Thank you for yielding.
I’d like to thank my colleagues across the aisle for holding today’s hearing. Before coming to Congress, I served as Kentucky’s Agriculture Commissioner where I worked with school food service personnel from school districts across the commonwealth to promote initiatives including the Farm to School Program, encouraging fresh, “Kentucky Proud” foods to be served in local cafeterias. As I met with these local administrators, they consistently emphasized the crucial role that child nutrition programs play in supporting kids’ healthy development, especially the free and reduced-priced meals offered through the federal school meal programs.
Free and reduced-price meals ensure that children from low-income households have reliable access to nutritious breakfasts and lunches while at school. Each school year, nearly 30 million lunches are served to students each day, with most participants receiving a free or reduced-price meal. Program participation has been steadily rising for decades, but in 2012, the Obama administration finalized an onslaught of federal mandates on school nutrition, delivering a blow to many cafeteria operations.
Schools had to overhaul their menu programming, including meeting new requirements that limit the kind of milk they can offer, mandate the color of vegetables they must serve, and limit the types of grains they must use.
Since the Obama administration enacted the regulations housed in the Healthy and Hunger-Free Kids Act, School Lunch Program operating costs have risen while national program participation has dropped. While we would hope that means there are fewer hungry children in this country, we have reason to believe that’s not the case.
School districts, already tasked with operating on a tight budget, now face higher cafeteria operation costs, onerous compliance rules, and a mounting food waste problem as students pass up the food that cafeterias are now required to serve.
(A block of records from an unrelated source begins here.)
definition L_Ya :: "complex^'k^'n \<Rightarrow> complex^'n \<Rightarrow> ((complex^'n) \<times> (complex^'n)) set" where
  "L_Ya B a = r_map a ` {(q, p). q \<in> Y_sp B \<and> p \<in> Y_perp B \<and> (\<forall>j. p $ j \<noteq> 0)}"

definition Psi_map :: "complex^'k^'n \<Rightarrow> complex^'n \<Rightarrow> ((complex^'n) \<times> (complex^'k)) \<Rightarrow> ((complex^'n) \<times> (complex^'n))" where
  "Psi_map B a xu = (fst xu, \<chi> j. a $ j / ffun B j xu)"

text \<open>Real C^\<infinity> on an open set: derivatives of every order exist (Frechet),
  D vs is the iterated derivative applied to the direction list vs.\<close>
definition smooth_on :: "'a::real_normed_vector set \<Rightarrow> ('a \<Rightarrow> 'b::real_normed_vector) \<Rightarrow> bool" where
  "smooth_on T f \<longleftrightarrow> (\<exists>D :: 'a list \<Rightarrow> 'a \<Rightarrow> 'b.
      (\<forall>x\<in>T. D [] x = f x) \<and>
      (\<forall>vs. \<forall>x\<in>T. (D vs has_derivative (\<lambda>h. D (h # vs) x)) (at x)))"

definition smooth_map_on :: "'a::real_normed_vector set \<Rightarrow> ('a \<Rightarrow> 'b::real_normed_vector) \<Rightarrow> bool" where
  "smooth_map_on S f \<longleftrightarrow> (\<forall>x\<in>S. \<exists>T g. open T \<and> x \<in> T \<and> smooth_on T g \<and> (\<forall>y\<in>S \<inter> T. f y = g y))"

definition diffeomorphism_onto :: "('a::real_normed_vector \<Rightarrow> 'b::real_normed_vector) \<Rightarrow> 'a set \<Rightarrow> 'b set \<Rightarrow> bool" where
  "diffeomorphism_onto f S T \<longleftrightarrow> bij_betw f S T \<and> smooth_map_on S f \<and> smooth_map_on T (inv_into S f)"

end

theory Submission imports Defs "HOL-Computational_Algebra.Polynomial"
begin

text \<open>
  Writing \<open>p\<^sub>j = a\<^sub>j / f\<^sub>j(x,u)\<close>, the critical equations say exactly that \<open>p \<in> Y\<^sup>\<bottom>\<close>, and
  \<open>x\<^sub>j = f\<^sub>j(x,u) - g\<^sub>j(u) = a\<^sub>j / p\<^sub>j + g\<^sub>j(-u)\<close> with \<open>(g\<^sub>j(-u))\<^sub>j \<in> Y\<close>; so \<open>\<Psi>\<close> maps the critical
  set into \<open>L\<^sub>Y\<^sub>,\<^sub>a\<close>. Since the \<open>g\<^sub>j\<close> span the dual, every coordinate \<open>u\<^sub>i\<close> is a fixed linear
  combination \<open>\<Sum>\<^sub>j \<lambda>\<^sub>i\<^sub>j g\<^sub>j(u)\<close>, which gives the explicit inverse
  \<open>(x,p) \<mapsto> (x, (\<Sum>\<^sub>j \<lambda>\<^sub>i\<^sub>j (a\<^sub>j/p\<^sub>j - x\<^sub>j))\<^sub>i)\<close>. Both \<open>\<Psi>\<close> and this inverse are affine maps plus
  polynomials in reciprocals of linear forms, and that class is closed under differentiation,
  hence consists of smooth maps.
\<close>

definition derivative_in :: "('a::real_normed_vector \<Rightarrow> 'b::real_normed_vector) set \<Rightarrow> 'a set \<Rightarrow> ('a \<Rightarrow> 'b) \<Rightarrow> 'a \<Rightarrow> 'a \<Rightarrow> 'b" where
  "derivative_in F T f = (SOME G. (\<forall>h. G h \<in> F) \<and> (\<forall>x\<in>T. (f has_derivative (\<lambda>h. G h x)) (at x)))"

primrec iterated_derivative_in :: "('a::real_normed_vector \<Rightarrow> 'b::real_normed_vector) set \<Rightarrow> 'a set \<Rightarrow> ('a \<Rightarrow> 'b) \<Rightarrow> 'a list \<Rightarrow> 'a \<Rightarrow> 'b" where
  "iterated_derivative_in F T f [] = f"
| "iterated_derivative_in F T f (h # vs) = derivative_in F T (iterated_derivative_in F T f vs) h"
When kids are at school, they don’t have a parent there encouraging them to eat the green peas on their plate. And while I know cafeteria professionals are doing all they can to get kids to eat their vegetables, the truth is some kids just aren’t going to try them. However well-intentioned these requirements may be, they are limiting program effectiveness and causing students to forgo the meals they need. Kids deserve healthy and nutritious meals at school, but if the federal government mandates meals that students won’t eat, then Washington is categorically failing to combat hunger.
For these reasons, Agriculture Secretary Sonny Perdue recently finalized new rules easing requirements on sodium, milk, and whole grains. School districts and students will benefit from these eased requirements, and Congress should take note.
While many folks found ways to help limit waste and increase participation, I hope this new, limited flexibility from USDA will boost meaningful participation in these programs and result in less taxpayer dollars being thrown straight into the cafeteria trashcan.
Congress should work with the states to provide school districts with greater latitude over their offerings. By delivering this flexibility and limiting burdensome paperwork, school districts will be able to customize their cafeteria menus to give the students they know and serve healthy options they will enjoy.
As a farmer myself I understand the importance of supporting local farmers by providing schools access to local, farm-fresh ingredients, and with three young children in public schools, I certainly understand the duty we have to educate our growing children about eating balanced meals.
I look forward to today’s conversation and am hopeful we can find a solution that helps lower program costs, eliminates food waste, and ensures that students have access to nutritious, enjoyable meals.